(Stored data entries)
lemma Linf_imp_L2:
  assumes "f \<in> Linf \<Omega>"
  shows "f \<in> L2 \<Omega>"
proof -
  obtain C where f: "f \<in> borel_measurable (lebesgue_on \<Omega>)"
    and C: "AE x in lebesgue_on \<Omega>. \<bar>f x\<bar> \<le> C"
    using assms by (auto simp: Linf_def)
  have "finite_measure (lebesgue_on \<Omega>)"
    using finite_measure_lebesgue_on bounded_set_imp_lmeasurable \<Omega>_meas \<Omega>_bdd by blast
  moreover have "AE x in lebesgue_on \<Omega>. norm ((f x)\<^sup>2) \<le> C\<^sup>2"
    using C by eventually_elim (simp add: abs_le_square_iff[symmetric])
  ultimately have "integrable (lebesgue_on \<Omega>) (\<lambda>x. (f x)\<^sup>2)"
    using f by (intro finite_measure.integrable_const_bound) auto
  then show ?thesis using f by (simp add: L2_def)
qed

lemma Uad_L2: "u \<in> U \<Longrightarrow> u \<in> L2 \<Omega>"
  by (simp add: Uad_def)

lemma Uad_bounds: "u \<in> U \<Longrightarrow> AE x in lebesgue_on \<Omega>. ua x \<le> u x \<and> u x \<le> ub x"
  by (simp add: Uad_def)

definition clamp :: "('a \<Rightarrow> real) \<Rightarrow> 'a \<Rightarrow> real"
  where "clamp v = (\<lambda>x. max (ua x) (min (ub x) (v x)))"

lemma clamp_Uad:
  assumes "v \<in> L2 \<Omega>"
  shows "clamp v \<in> U"
proof -
  obtain Ca Cb where "AE x in lebesgue_on \<Omega>. \<bar>ua x\<bar> \<le> Ca" "AE x in lebesgue_on \<Omega>. \<bar>ub x\<bar> \<le> Cb"
    using ua ub by (auto simp: Linf_def)
  then have "AE x in lebesgue_on \<Omega>. \<bar>clamp v x\<bar> \<le> Ca + Cb"
    by eventually_elim (auto simp: clamp_def)
  moreover have "ua \<in> borel_measurable (lebesgue_on \<Omega>)" "ub \<in> borel_measurable (lebesgue_on \<Omega>)"
    "v \<in> borel_measurable (lebesgue_on \<Omega>)"
    using ua ub assms by (auto simp: Linf_def L2_def)
  then have "clamp v \<in> borel_measurable (lebesgue_on \<Omega>)"
    unfolding clamp_def by measurable
  ultimately have "clamp v \<in> L2 \<Omega>"
    by (intro Linf_imp_L2) (auto simp: Linf_def)
  moreover have "AE x in lebesgue_on \<Omega>. ua x \<le> clamp v x \<and> clamp v x \<le> ub x"
    using ua_le_ub by eventually_elim (auto simp: clamp_def)
  ultimately show ?thesis by (simp add: Uad_def)
qed

lemma clamp_closest:
  assumes "v \<in> L2 \<Omega>" "w \<in> U"
  shows "l2norm \<Omega> (\<lambda>x. clamp v x - v x) \<le> l2norm \<Omega> (\<lambda>x. w x - v x)"
  using Uad_bounds[OF assms(2)] clamp_Uad[OF assms(1)] assms
  by (intro l2norm_le_AE) (auto simp: clamp_def Uad_def intro: clamp_closest_real elim!: AE_mp)

lemma PUad_closest:
  assumes "v \<in> L2 \<Omega>"
  shows "P v \<in> U" and "\<And>w. w \<in> U \<Longrightarrow> l2norm \<Omega> (\<lambda>x. P v x - v x) \<le> l2norm \<Omega> (\<lambda>x. w x - v x)"
proof -
  have "P v \<in> U \<and> (\<forall>w \<in> U. l2norm \<Omega> (\<lambda>x. P v x - v x) \<le> l2norm \<Omega> (\<lambda>x. w x - v x))"
    unfolding PUad_def
    by (rule someI[where x="clamp v"]) (use clamp_Uad[OF assms] clamp_closest[OF assms] in auto)
  then show "P v \<in> U" and "\<And>w. w \<in> U \<Longrightarrow> l2norm \<Omega> (\<lambda>x. P v x - v x) \<le> l2norm \<Omega> (\<lambda>x. w x - v x)"
    by auto
qed

text \<open>\<open>PUad\<close> chooses some minimiser; minimisers agree with the pointwise clamp only a.e.\<close>

lemma PUad_eq_clamp_AE:
  assumes "v \<in> L2 \<Omega>"
  shows "AE x in lebesgue_on \<Omega>. P v x = clamp v x"
proof -
  define d where "d x = (P v x - v x)\<^sup>2 - (clamp v x - v x)\<^sup>2" for x
  have PU: "P v \<in> U" and cU: "clamp v \<in> U"
    using PUad_closest(1)[OF assms] clamp_Uad[OF assms] .
  have int_P: "integrable (lebesgue_on \<Omega>) (\<lambda>x. (P v x - v x)\<^sup>2)"
    and int_c: "integrable (lebesgue_on \<Omega>) (\<lambda>x. (clamp v x - v x)\<^sup>2)"
    using PU cU assms by (auto intro: L2_diff_square_integrable dest: Uad_L2)
  have d_nonneg: "AE x in lebesgue_on \<Omega>. 0 \<le> d x"
    using Uad_bounds[OF PU] by eventually_elim (auto simp: d_def clamp_def abs_le_square_iff[symmetric])
  have "l2norm \<Omega> (\<lambda>x. P v x - v x) \<le> l2norm \<Omega> (\<lambda>x. clamp v x - v x)"
    using PUad_closest(2)[OF assms cU] .
  then have "(\<integral>x. d x \<partial>lebesgue_on \<Omega>) \<le> 0"
    unfolding d_def Bochner_Integration.integral_diff[OF int_P int_c] by (simp add: l2norm_def)
  then have "AE x in lebesgue_on \<Omega>. d x = 0"
    using integral_nonneg_eq_0_iff_AE[OF _ d_nonneg] integral_nonneg_AE[OF d_nonneg] int_P int_c
    by (simp add: d_def)
  then show ?thesis
    using Uad_bounds[OF PU]
  proof eventually_elim
    case (elim x)
    then have "\<bar>P v x - v x\<bar> \<le> \<bar>clamp v x - v x\<bar>"
      by (simp add: d_def abs_le_square_iff)
    then show ?case using elim unfolding clamp_def by (intro clamp_eq_if_closer_real) auto
  qed
qed

lemma PUad_variational_AE:
  assumes "v \<in> L2 \<Omega>" "w \<in> U"
  shows "AE x in lebesgue_on \<Omega>. 0 \<le> (P v x - v x) * (w x - P v x)"
  using PUad_eq_clamp_AE[OF assms(1)] Uad_bounds[OF assms(2)]
  by eventually_elim (simp add: clamp_def clamp_variational_real)

lemma Uad_convex_comb:
  assumes "u \<in> U" "w \<in> U" "0 \<le> t" "t \<le> 1"
  shows "(\<lambda>x. u x + t * (w x - u x)) \<in> U"
proof -
  have "(\<lambda>x. u x + t * (w x - u x)) \<in> L2 \<Omega>"
    using assms by (intro L2_add L2_scale L2_diff Uad_L2)
  moreover have "AE x in lebesgue_on \<Omega>. ua x \<le> u x + t * (w x - u x) \<and> u x + t * (w x - u x) \<le> ub x"
    using Uad_bounds[OF assms(1)] Uad_bounds[OF assms(2)]
  proof eventually_elim
    case (elim x)
    then show ?case
      using convexD_alt[OF convex_real_interval(5)[of "ua x" "ub x"], of "u x" "w x" t] assms(3,4)
      by (auto simp: algebra_simps)
  qed
  ultimately show ?thesis by (simp add: Uad_def)
qed

definition Uad_diam :: real
  where "Uad_diam = l2norm \<Omega> (\<lambda>x. ub x - ua x)"

lemma Uad_diam_nonneg: "0 \<le> Uad_diam"
  unfolding Uad_diam_def by (rule l2norm_nonneg)

lemma Uad_dist_le_diam:
  assumes "u \<in> U" "w \<in> U"
  shows "l2norm \<Omega> (\<lambda>x. u x - w x) \<le> Uad_diam"
  unfolding Uad_diam_def
proof (rule l2norm_le_AE)
  show "(\<lambda>x. ub x - ua x) \<in> L2 \<Omega>" "(\<lambda>x. u x - w x) \<in> L2 \<Omega>"
    using L2_diff Linf_imp_L2[OF ua] Linf_imp_L2[OF ub] Uad_L2[OF assms(1)] Uad_L2[OF assms(2)]
    by blast+
  show "AE x in lebesgue_on \<Omega>. \<bar>u x - w x\<bar> \<le> \<bar>ub x - ua x\<bar>"
    using Uad_bounds[OF assms(1)] Uad_bounds[OF assms(2)] by eventually_elim auto
qed

lemma bregman_dist_PUad_ge:
  assumes "l \<in> L2 \<Omega>" "u \<in> U"
  shows "l2inner \<Omega> (\<lambda>x. u x - P l x) (\<lambda>x. u x - P l x) / 2 \<le> bregman_dist \<Omega> l u (P l)"
  using l2inner_nonneg_AE[OF PUad_variational_AE[OF assms]] by (simp add: bregman_dist_def)
lemma obtuse_obtuse:
  assumes "cu \<le> 0" "cv \<le> 0"
  shows "pq_sq d a c \<le> 3"
proof -
  have "sqrt 3 * cu \<le> 0" "sqrt 3 * cv \<le> 0" using assms by (simp_all add: mult_nonneg_nonpos)
  then have half: "-1/2 \<le> cu" "-1/2 \<le> cv" using angle_bound_u angle_bound_v unit_bounds by linarith+
  have "sqrt 3 / 2 \<le> su" using unit(1) sin_nonneg(1) half assms by (intro sqrt3_half_le_of_unit) auto
  have far_corner: "- cu - cv \<le> su * sv - cu * cv"
  proof -
    have "sqrt 3 / 2 * (- 2 * cu - sqrt 3 * cv) \<le> sqrt 3 / 2 * sv"
      using angle_bound_u by (intro mult_left_mono) auto
    also have "\<dots> \<le> su * sv" using \<open>sqrt 3 / 2 \<le> su\<close> sin_nonneg by (intro mult_right_mono) auto
    finally have "- sqrt 3 * cu - 3/2 * cv \<le> su * sv" by (simp add: algebra_simps)
    moreover have "1 * (- cu) \<le> sqrt 3 * (- cu)" using assms sqrt3_bounds by (intro mult_right_mono) auto
    moreover have "(- cu) * (- cv) \<le> 1/2 * (- cv)" using assms half by (intro mult_right_mono) auto
    ultimately show ?thesis by simp
  qed
  have "a * cu \<le> 0" "c * cv \<le> 0" using assms lengths by (simp_all add: mult_nonneg_nonpos)
  then have "0 \<le> d - a * cu - c * cv" using lengths by linarith
  then have "pq_sq d a c \<le> pq_sq 1 a c" unfolding pq_sq_def using lengths by (simp add: power_mono)
  also have "pq_sq 1 a c \<le> 3"
  proof -
    have corner: "pq_sq 1 a' c' \<le> 3" if "a' \<in> {0, 1}" "c' \<in> {0, 1}" for a' c'
      using that half far_corner by (auto simp: pq_sq_eq)
    have edge: "pq_sq 1 a' c \<le> 3" if "a' \<in> {0, 1}" for a'
      by (rule pq_sq_between_c[of 0 c 1]) (use lengths that corner in auto)
    show ?thesis by (rule pq_sq_between_a[of 0 a 1]) (use lengths edge in auto)
  qed
  finally show ?thesis .
qed

lemma acute_acute:
  assumes "0 \<le> cu" "0 \<le> cv"
  shows "pq_sq d a c \<le> 3"
proof -
  have "0 \<le> a * cu" "0 \<le> c * cv" using assms lengths by simp_all
  then have "(d - a * cu - c * cv)^2 \<le> 1"
    using exchange_u exchange_v lengths by (intro power_le_one) auto
  moreover have "0 \<le> a * su" "a * su \<le> 1" "0 \<le> c * sv" "c * sv \<le> 1"
    using lengths sin_nonneg unit_bounds by (simp_all add: mult_le_one)
  then have "(a * su - c * sv)^2 \<le> 1" by (simp add: abs_square_le_1)
  ultimately show ?thesis unfolding pq_sq_def by simp
qed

* INSTRUCTIONS FOR THE TASK
Filter the entries down to the lines that hold "thesis". Copy those lines.

* RESPONSE TO THIS TASK
  then show ?thesis using f by (simp add: L2_def)
  ultimately show ?thesis by (simp add: Uad_def)
  then show ?thesis
  ultimately show ?thesis by (simp add: Uad_def)
    ultimately show ?thesis by simp
    show ?thesis by (rule pq_sq_between_a[of 0 a 1]) (use lengths edge in auto)
  finally show ?thesis .
  ultimately show ?thesis unfolding pq_sq_def by simp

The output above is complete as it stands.